** Dataset records follows **
(* Let $q$ be a prime power, $n\geq 3$, and let $I_n(q)$ be the bipartite graph whose vertices are the $1$-dimensional and the $(n-1)$-dimensional subspaces of an $n$-dimensional vector space over the field with $q$ elements, with a $1$-dimensional subspace adjacent to an $(n-1)$-dimensional subspace if and only if it is contained in it. Then $I_n(q)$ is (isomorphic to) a Cayley graph.
   Context: For a finite group $\Gamma$ and a subset $S\subseteq\Gamma$ that does not contain the identity, is closed under inverses, and generates $\Gamma$, the Cayley graph of $\Gamma$ with respect to $S$ has vertex set $\Gamma$ and an edge between $g$ and $h$ whenever $g^{-1}h\in S$. A graph is a Cayley graph if it is isomorphic to the Cayley graph of some such pair $(\Gamma,S)$. *)

theory Defs
  imports "HOL-Analysis.Analysis" "HOL-Algebra.Generated_Groups"
begin

text \<open>The group is taken with elements of the
vertex type (no loss: any group isomorphic, as a graph, to V can be transported).\<close>

definition is_cayley_graph :: "'v set \<Rightarrow> ('v \<Rightarrow> 'v \<Rightarrow> bool) \<Rightarrow> bool" where
  "is_cayley_graph V E \<longleftrightarrow>
     (\<exists>(G :: 'v monoid) S f.
        group G \<and> finite (carrier G) \<and>
        S \<subseteq> carrier G \<and> \<one>\<^bsub>G\<^esub> \<notin> S \<and>
        (\<forall>s\<in>S. inv\<^bsub>G\<^esub> s \<in> S) \<and>
        generate G S = carrier G \<and>
        bij_betw f (carrier G) V \<and>
        (\<forall>g\<in>carrier G. \<forall>h\<in>carrier G.
            E (f g) (f h) \<longleftrightarrow> inv\<^bsub>G\<^esub> g \<otimes>\<^bsub>G\<^esub> h \<in> S))"

definition incidence_vertices :: "('a::field ^ 'n::finite) set set" where
  "incidence_vertices =
     {U. vec.subspace U \<and> (vec.dim U = 1 \<or> vec.dim U = CARD('n) - 1)}"

definition incidence_adj :: "('a::field ^ 'n::finite) set \<Rightarrow> ('a ^ 'n) set \<Rightarrow> bool" where
  "incidence_adj U W \<longleftrightarrow>
     (vec.subspace U \<and> vec.subspace W) \<and>
     ((vec.dim U = 1 \<and> vec.dim W = CARD('n) - 1 \<and> U \<subseteq> W) \<or>
      (vec.dim W = 1 \<and> vec.dim U = CARD('n) - 1 \<and> W \<subseteq> U))"

end

theory Submission
  imports Defs "HOL-Algebra.Algebraic_Closure_Type" "HOL-Number_Theory.Residues"
begin

text \<open>Let \<open>F\<close> be the field with \<open>q\<close> elements and identify \<open>F\<^sup>n\<close>, as an \<open>F\<close>-vector space, with the
  field \<open>K\<close> of order \<open>q\<^sup>n\<close> (the roots of \<open>X ^ q ^ n - X\<close> in an algebraic closure of \<open>F\<close>). Fix a
  nonzero \<open>F\<close>-linear form \<open>T\<close> on \<open>K\<close>. In the generalised dihedral group of \<open>K\<^sup>\<times>\<close> send the rotation
  \<open>a\<close> to the point \<open>F a\<inverse>\<close> and the reflection \<open>b\<close> to the hyperplane \<open>{v. T (b v) = 0}\<close>. Two
  elements have the same image iff they differ by a factor in the normal subgroup \<open>F\<^sup>\<times>\<close>, so
  the image is a group structure on the vertex set; the point of \<open>a\<close> lies on the hyperplane of \<open>b\<close>
  iff \<open>T (b / a) = 0\<close>. Hence the incidence graph is the Cayley graph with respect to the
  reflections \<open>b\<close> with \<open>T b = 0\<close>. For \<open>n \<ge> 3\<close> points and hyperplanes differ in dimension, and
  two hyperplanes \<open>{v. T v = 0}\<close> and \<open>{v. T (z v) = 0}\<close> meet nontrivially, which writes every
  rotation \<open>z\<close> as a product of two such reflections, so the connection set generates.\<close>

section \<open>Coordinates over a finite subfield\<close>

definition coord_space :: "'b::zero set \<Rightarrow> nat \<Rightarrow> (nat \<Rightarrow> 'b) set" where
  "coord_space R k = {c. (\<forall>i<k. c i \<in> R) \<and> (\<forall>i\<ge>k. c i = 0)}"

definition lin_comb :: "(nat \<Rightarrow> 'b::comm_ring_1) \<Rightarrow> nat \<Rightarrow> (nat \<Rightarrow> 'b) \<Rightarrow> 'b" where
  "lin_comb b k c = (\<Sum>i<k. c i * b i)"

lemma bij_betw_coord_space_PiE:
  "bij_betw (\<lambda>c. restrict c {..<k}) (coord_space R k) ({..<k} \<rightarrow>\<^sub>E R)"
  by (rule bij_betw_byWitness[where f' = "\<lambda>f i. if i < k then f i else 0"])
    (auto simp: coord_space_def fun_eq_iff PiE_def extensional_def)

lemma coord_space_0: "coord_space R 0 = {\<lambda>_. 0}"
  by (auto simp: coord_space_def)

lemma card_coord_space: "card (coord_space R k) = card R ^ k"
  using bij_betw_same_card[OF bij_betw_coord_space_PiE] by (simp add: card_PiE)

lemma lin_comb_Suc: "lin_comb b (Suc k) c = lin_comb b k c + c k * b k"
  by (simp add: lin_comb_def)

lemma lin_comb_update_coeff [simp]: "lin_comb b k (c(k := r)) = lin_comb b k c"
  by (simp add: lin_comb_def)

lemma lin_comb_update_vector [simp]: "lin_comb (b(k := y)) k c = lin_comb b k c"
  by (simp add: lin_comb_def)

locale finite_subfield =
  fixes R :: "'b::field set"
  assumes finite_R: "finite R"
    and zero_mem: "0 \<in> R" and one_mem: "1 \<in> R"
    and diff_mem: "x \<in> R \<Longrightarrow> y \<in> R \<Longrightarrow> x - y \<in> R"
    and mult_mem: "x \<in> R \<Longrightarrow> y \<in> R \<Longrightarrow> x * y \<in> R"
    and inverse_mem: "x \<in> R \<Longrightarrow> inverse x \<in> R"
begin

lemma two_le_card: "2 \<le> card R"
proof -
  have "card {0::'b, 1} \<le> card R"
    using zero_mem one_mem finite_R by (intro card_mono) auto
  then show ?thesis by simp
qed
** End of Dataset records **
● Prompt
When you reach the line in the material above that holds "(vec.dim W = 1", begin reproducing lines exactly, and stop after the line that holds "nonzero \<open>F\<close>-linear form".

● Response area
      (vec.dim W = 1 \<and> vec.dim U = CARD('n) - 1 \<and> W \<subseteq> U))"

end

theory Submission
  imports Defs "HOL-Algebra.Algebraic_Closure_Type" "HOL-Number_Theory.Residues"
begin

text \<open>Let \<open>F\<close> be the field with \<open>q\<close> elements and identify \<open>F\<^sup>n\<close>, as an \<open>F\<close>-vector space, with the
  field \<open>K\<close> of order \<open>q\<^sup>n\<close> (the roots of \<open>X ^ q ^ n - X\<close> in an algebraic closure of \<open>F\<close>). Fix a
  nonzero \<open>F\<close>-linear form \<open>T\<close> on \<open>K\<close>. In the generalised dihedral group of \<open>K\<^sup>\<times>\<close> send the rotation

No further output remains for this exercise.